- _Task description_
Please filter the entries for the word "real" and copy every line that has it.

[Stored data entries]
=-=-=

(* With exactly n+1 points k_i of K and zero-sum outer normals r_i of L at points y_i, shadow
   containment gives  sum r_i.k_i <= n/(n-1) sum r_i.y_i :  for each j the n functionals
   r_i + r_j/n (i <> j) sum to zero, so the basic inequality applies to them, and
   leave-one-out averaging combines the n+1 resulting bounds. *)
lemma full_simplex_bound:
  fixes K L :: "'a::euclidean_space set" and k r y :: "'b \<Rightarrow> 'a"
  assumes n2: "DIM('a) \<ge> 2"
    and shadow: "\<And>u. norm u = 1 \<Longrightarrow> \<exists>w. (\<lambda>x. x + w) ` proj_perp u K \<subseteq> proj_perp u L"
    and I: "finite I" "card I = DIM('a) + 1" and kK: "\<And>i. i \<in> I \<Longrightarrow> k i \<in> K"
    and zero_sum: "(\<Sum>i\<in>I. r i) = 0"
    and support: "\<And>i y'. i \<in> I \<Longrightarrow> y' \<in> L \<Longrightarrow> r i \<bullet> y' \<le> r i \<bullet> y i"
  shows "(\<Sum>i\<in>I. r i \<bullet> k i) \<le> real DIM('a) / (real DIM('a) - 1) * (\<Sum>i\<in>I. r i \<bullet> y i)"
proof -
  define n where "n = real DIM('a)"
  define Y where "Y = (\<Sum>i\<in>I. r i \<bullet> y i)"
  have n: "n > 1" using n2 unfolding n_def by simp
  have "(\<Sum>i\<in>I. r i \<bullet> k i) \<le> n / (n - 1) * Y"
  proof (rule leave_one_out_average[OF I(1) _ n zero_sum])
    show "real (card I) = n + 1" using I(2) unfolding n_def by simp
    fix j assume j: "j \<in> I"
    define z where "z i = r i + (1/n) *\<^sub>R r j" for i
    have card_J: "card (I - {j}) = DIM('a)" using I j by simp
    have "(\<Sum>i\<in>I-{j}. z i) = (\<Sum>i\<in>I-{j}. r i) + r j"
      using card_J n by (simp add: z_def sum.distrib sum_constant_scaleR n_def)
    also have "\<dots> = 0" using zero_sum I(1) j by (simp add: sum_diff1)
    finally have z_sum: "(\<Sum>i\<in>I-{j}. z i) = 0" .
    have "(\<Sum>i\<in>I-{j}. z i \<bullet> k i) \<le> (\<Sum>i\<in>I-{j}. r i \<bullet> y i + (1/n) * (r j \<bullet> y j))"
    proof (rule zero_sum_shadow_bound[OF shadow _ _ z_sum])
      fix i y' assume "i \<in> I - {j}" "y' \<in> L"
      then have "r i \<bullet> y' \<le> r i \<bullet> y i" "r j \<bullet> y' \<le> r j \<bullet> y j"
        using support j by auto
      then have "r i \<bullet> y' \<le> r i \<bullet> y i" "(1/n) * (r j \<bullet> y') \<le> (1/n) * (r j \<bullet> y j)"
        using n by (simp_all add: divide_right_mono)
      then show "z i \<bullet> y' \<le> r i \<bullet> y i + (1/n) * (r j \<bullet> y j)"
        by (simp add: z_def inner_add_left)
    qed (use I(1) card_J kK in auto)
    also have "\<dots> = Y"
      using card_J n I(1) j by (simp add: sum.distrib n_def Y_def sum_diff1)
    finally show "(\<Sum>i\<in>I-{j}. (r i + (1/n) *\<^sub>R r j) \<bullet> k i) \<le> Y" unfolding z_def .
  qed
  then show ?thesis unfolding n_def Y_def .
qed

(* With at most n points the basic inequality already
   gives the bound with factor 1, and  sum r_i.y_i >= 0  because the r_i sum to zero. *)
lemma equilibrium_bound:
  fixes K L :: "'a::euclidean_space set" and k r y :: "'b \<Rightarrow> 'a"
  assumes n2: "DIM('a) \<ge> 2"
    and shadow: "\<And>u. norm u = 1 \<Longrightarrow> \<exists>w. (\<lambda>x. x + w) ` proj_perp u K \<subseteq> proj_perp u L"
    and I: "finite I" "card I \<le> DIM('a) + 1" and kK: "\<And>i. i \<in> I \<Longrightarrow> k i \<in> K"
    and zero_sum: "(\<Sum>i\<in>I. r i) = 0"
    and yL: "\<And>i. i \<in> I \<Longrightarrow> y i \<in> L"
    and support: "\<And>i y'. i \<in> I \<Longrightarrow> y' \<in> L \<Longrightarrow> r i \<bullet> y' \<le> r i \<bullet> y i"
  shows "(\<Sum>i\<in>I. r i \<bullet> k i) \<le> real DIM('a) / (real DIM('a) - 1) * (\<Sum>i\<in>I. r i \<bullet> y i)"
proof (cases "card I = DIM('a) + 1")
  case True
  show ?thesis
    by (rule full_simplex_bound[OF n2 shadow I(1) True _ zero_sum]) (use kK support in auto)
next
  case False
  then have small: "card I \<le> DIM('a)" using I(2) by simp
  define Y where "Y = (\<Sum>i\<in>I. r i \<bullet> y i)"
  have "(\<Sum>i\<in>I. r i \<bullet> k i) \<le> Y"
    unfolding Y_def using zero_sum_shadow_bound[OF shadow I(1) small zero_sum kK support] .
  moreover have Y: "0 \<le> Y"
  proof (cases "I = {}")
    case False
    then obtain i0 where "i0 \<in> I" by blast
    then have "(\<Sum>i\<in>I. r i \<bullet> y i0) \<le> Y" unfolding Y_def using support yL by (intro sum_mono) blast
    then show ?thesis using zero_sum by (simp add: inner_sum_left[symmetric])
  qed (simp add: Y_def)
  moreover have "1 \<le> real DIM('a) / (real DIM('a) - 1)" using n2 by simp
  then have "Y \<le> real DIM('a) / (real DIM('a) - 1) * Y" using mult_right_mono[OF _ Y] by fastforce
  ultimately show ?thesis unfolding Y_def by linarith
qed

=-=-=

- _Response to this task_
  shows "(\<Sum>i\<in>I. r i \<bullet> k i) \<le> real DIM('a) / (real DIM('a) - 1) * (\<Sum>i\<in>I. r i \<bullet> y i)"
  define n where "n = real DIM('a)"
    show "real (card I) = n + 1" using I(2) unfolding n_def by simp
  shows "(\<Sum>i\<in>I. r i \<bullet> k i) \<le> real DIM('a) / (real DIM('a) - 1) * (\<Sum>i\<in>I. r i \<bullet> y i)"
  moreover have "1 \<le> real DIM('a) / (real DIM('a) - 1)" using n2 by simp
  then have "Y \<le> real DIM('a) / (real DIM('a) - 1) * Y" using mult_right_mono[OF _ Y] by fastforce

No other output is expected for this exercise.